Shanmugam: S’pore influencer & Sikh community incident shows spirit of new remedial initiative
New tools are needed for new times.
A rather ugly online incident was transformed into a valuable learning experience, thanks to the patience and understanding of the young men of the Young Sikh Association of Singapore (YSA).
Social influencer Sheena Phua caused a stir online after referring to two Sikh men who blocked her view at the F1 Grand Prix as “obstructions”.
Phua insisted that she had not intended to disparage the Sikh community, but the YSA reached out and invited Phua to visit a Gurdwara (a place for worship for Sikhs), and taught her more about their community.
Spirit of the CRI
This response, said Minister for Home Affairs and Law K Shanmugam, “encapsulates the spirit of the CRI”, referring to the proposed Community Remedial Initiative.
It is among the measures included in the Maintenance of Religious Harmony (Amendment) Bill, which was debated during its second reading in Parliament on Monday (Oct. 7).
Shanmugam called the CRI a tool that focuses on “restoration and rehabilitation”. Commenting on the YSA’s actions, he said:
“It would have been entirely understandable for the Sikh community to criticise her, but the Young Sikh Association took a better path. In many ways, a very commendable path.
They reached out to her, invited her to visit the gurdwara so that they could educate her about Sikhism. These young men understood that at times, insensitive and derogatory comments can come from a place of ignorance, and that the better and more sustainable path is not of hate or taking sides, but of friendship, respect, and learning about each other.”
Drawing a comparison between this and the CRI, Shanmugam said that the CRI will not be compulsory, as the authorities did not want to force a person to step into a religious place of worship against their wishes.
But it will be left on the table as a “natural offer”, and it will be taken into account in whatever actions are taken next.
In his speech, Shanmugam laid out the reasons why the Act was needed to deal with the complex issue of religion.

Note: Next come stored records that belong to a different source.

(* Let $X$ be a compact metric space, $T\colon X\to X$ a homeomorphism and $\mu$ an ergodic $T$-invariant Borel probability measure. Let $H\colon X\to\mathbb{GL}^+(2,\mathbb{R})$ be continuous of the form $H(x)=\begin{pmatrix}\lambda(x)&0\\ \sigma(x)&\eta(x)\end{pmatrix}$ with $\eta(x)>0$, such that the cocycle $H$ over $T$ has dominated splitting $\mathbb{R}^2=E(x)\oplus F(x)$ with dominating direction $F(x)=\mathrm{span}(\mathbf{e}_2)$, $\mathbf{e}_2=(0,1)$. Let $H_\theta(x)=H(x)R_\theta=\begin{pmatrix}a_\theta(x)&b_\theta(x)\\ c_\theta(x)&d_\theta(x)\end{pmatrix}$. Suppose $\varepsilon_0>0$ is such that for $|\theta|<\varepsilon_0$ the cocycle $H_\theta$ has dominated splitting $E_\theta(x)\oplus F_\theta(x)$ with dominating direction $F_\theta(x)=\mathrm{span}((u_\theta(x),1))$, where $(\theta,x)\mapsto u_\theta(x)$ is continuous and $u_0\equiv0$. Write $\lambda^+(\theta)=\lambda^+(H_\theta)$ and $\lambda^-(0)=\lambda^-(H)$. Then there exists $\varepsilon>0$ such that for $|\theta|<\varepsilon$, $$\lambda^+(\theta)=\lambda^+(0)+\lambda^-(0)-\int_X\log\bigl(a_\theta(x)-c_\theta(x)u_\theta(Tx)\bigr)\,d\mu(x).$$
   Context: $R_\theta$: rotation by angle $\theta$. For continuous $B\colon X\to\mathbb{GL}(2,\mathbb{R})$: cocycle $(x,v)\mapsto(Tx,B(x)v)$, $B^n(x)=B(T^{n-1}x)\cdots B(x)$, $B^{-n}(x)=B(T^{-n}x)^{-1}\cdots B(T^{-1}x)^{-1}$, $\lambda^+(B)=\lim\frac1n\log\|B^n(x)\|$, $\lambda^-(B)=\lim\frac1n\log\|B^{-n}(x)\|^{-1}$ ($\mu$-a.e. constant). Dominated splitting: continuous invariant decomposition $\mathbb{R}^2=E(x)\oplus F(x)$ into lines and an integer $l\ge1$ with $\|B^l(x)|_{E(x)}\|\cdot\|B^{-l}(T^lx)|_{F(T^lx)}\|<\tfrac12$ for all $x$; $F$ is called the dominating direction. *)

theory Defs
  imports "HOL-Probability.Probability"
begin

type_synonym mat2 = "real^2^2"

definition rot :: "real \<Rightarrow> mat2" where
  "rot \<theta> = (\<chi> i j. if i = 1 then (if j = 1 then cos \<theta> else - sin \<theta>)
                       else (if j = 1 then sin \<theta> else cos \<theta>))"

definition mnorm :: "mat2 \<Rightarrow> real" where
  "mnorm A = onorm (\<lambda>v. A *v v)"

definition restr_norm :: "mat2 \<Rightarrow> (real^2) set \<Rightarrow> real" where
  "restr_norm A L = Sup {norm (A *v v) | v. v \<in> L \<and> norm v = 1}"

fun cocyc :: "('a \<Rightarrow> 'a) \<Rightarrow> ('a \<Rightarrow> mat2) \<Rightarrow> nat \<Rightarrow> 'a \<Rightarrow> mat2" where
  "cocyc T B 0 x = mat 1"
| "cocyc T B (Suc n) x = B ((T ^^ n) x) ** cocyc T B n x"

fun cocyc_inv :: "('a \<Rightarrow> 'a) \<Rightarrow> ('a \<Rightarrow> mat2) \<Rightarrow> nat \<Rightarrow> 'a \<Rightarrow> mat2" where
  "cocyc_inv T B 0 x = mat 1"
| "cocyc_inv T B (Suc n) x = matrix_inv (B ((inv T ^^ Suc n) x)) ** cocyc_inv T B n x"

He mentioned:
- Rising religiosity,
- Increasing violence from religious conflicts,
- The widespread reach of the Internet, and
- The threat of foreign interference.
He said it is easy for religious events in other countries to affect Singaporeans, and the authorities need to place “circuit-breakers” to ensure they do not affect Singapore.
While Singapore does not want to shut out religious influences completely, we want to ensure they do not affect us negatively, he added.
CRI used with discretion
In her speech on the Bill, Senior Parliamentary Secretary for Home Affairs Sun Xueling went over the proposals outlined in the Act, and gave more details of the CRI.
She noted that it can be offered in lieu of criminal prosecution, and if the person who committed an offence refuses to undertake the remedial action proposed, the refusal will not be a criminal offence.
She said it will not be issued in every case, and the Minister will exercise their best judgement.
For example, she said, the CRI will not be issued in cases where violence was incited:
“These amendments are necessary to refresh our toolbox of legislative levers, so that we can continue to respond effectively to the growing threats to religious harmony in Singapore.”